A similar pattern of results was obtained by fitting the psychometric curves on the data provided by each participant. Average sensory precision thresholds (Weber fractions) for each group and time range are reported in Table 2 and showed in Fig. 2A, while Fig. 2B and C display individual time thresholds. On average, sensory thresholds were higher (indicating lower precision) in the group with DD compared to the control group in both time ranges (for the millisecond range: DD group: 0.24 ± 0.15 vs control group: 0.13 ± 0.05, t(35) = 3.3, p = 0.002, d = 1.1, LBF = 1.2; for the second range: DD group: 0.22 ± 0.1 vs control group: 0.14 ± 0.07, t(33) = 2.6, p = 0.01, d = 0.9, LBF = 0.6). We entered the Weber fractions in a linear mixed model with time range (milliseconds, seconds) and group (DD, controls) as fixed factors and participants as random effect. The main effect of group was significant (F(1,35) = 14.17, p < 0.001), while the interaction between time range and group was not (F(1,35) = 1.13, p = 0.29), suggesting that the sensory precision impairment was present in both time ranges in the group with DD. Moreover, the main effect of time range was not significant (F(1,35) = 0.09, p = 0.76), suggesting that thresholds were overall similar across tasks.

Table 2.

Time thresholds (Weber Fraction) in the two groups. Two tailed t-tests, α Bonferroni corrected 0.05/2 = 0.025.
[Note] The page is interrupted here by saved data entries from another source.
lemma (in prob_space) abs_integral_le_event_bound:
  fixes G :: "'a \<Rightarrow> real"
  assumes G: "G \<in> borel_measurable M" and G_bound: "\<forall>z\<in>space M. \<bar>G z\<bar> \<le> K"
    and G_off_E: "AE z in M. z \<notin> E \<longrightarrow> \<bar>G z\<bar> \<le> C" and E: "E \<in> events" and "0 \<le> C"
  shows "\<bar>\<integral>z. G z \<partial>M\<bar> \<le> K * prob E + C"
proof -
  have bound_integrable: "integrable M (\<lambda>z. K * indicator E z + C)"
    using E by (intro Bochner_Integration.integrable_add integrable_mult_right integrable_real_indicator)
      (auto simp: emeasure_eq_measure)
  have "\<bar>\<integral>z. G z \<partial>M\<bar> \<le> (\<integral>z. \<bar>G z\<bar> \<partial>M)" by (rule integral_abs_bound)
  also have "\<dots> \<le> (\<integral>z. K * indicator E z + C \<partial>M)"
  proof (rule integral_mono_AE[OF _ bound_integrable])
    show "integrable M (\<lambda>z. \<bar>G z\<bar>)"
      using G G_bound by (intro integrable_abs integrable_const_bound[where B=K]) auto
    show "AE z in M. \<bar>G z\<bar> \<le> K * indicator E z + C"
      using G_off_E AE_space by eventually_elim (use G_bound \<open>0 \<le> C\<close> in \<open>auto simp: indicator_def\<close>)
  qed
  also have "\<dots> = K * prob E + C"
    using E bound_integrable
    by (subst Bochner_Integration.integral_add) (auto simp: prob_space emeasure_eq_measure)
  finally show ?thesis .
qed

lemma (in finite_measure) integrable_bounded_sets_eq:
  fixes f :: "'a \<Rightarrow> real"
  assumes "sets M = sets N" and "f \<in> borel_measurable N" and "\<forall>x\<in>space N. \<bar>f x\<bar> \<le> K"
  shows "integrable M f"
  using assms sets_eq_imp_space_eq[OF assms(1)]
  by (intro integrable_const_bound[where B=K]) (auto simp: measurable_cong_sets[OF assms(1) refl])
Tasks Group Mean (SD) p-value Cohen’s d LBF
Time millisecond range (0.5 s) Control 0.13 (0.05) 0.002 1.1 1.2
DD 0.24 (0.15)
Time second range (1.5 s) Control 0.14 (0.07) 0.01 0.8 0.6
DD 0.22 (0.1)

Fig. 2.

Fig. 2

Time perception thresholds. (A) Between participants’ average time perception thresholds in the sub-second and second ranges divided by groups (DD group, red; controls, black). Error bars are standard errors of the mean; * **p < 0.005, * *p < 0.01. (B–C) Individual time thresholds distributions for the two groups and timing conditions. Filled diamonds represents individual subjects, open squares report the mean.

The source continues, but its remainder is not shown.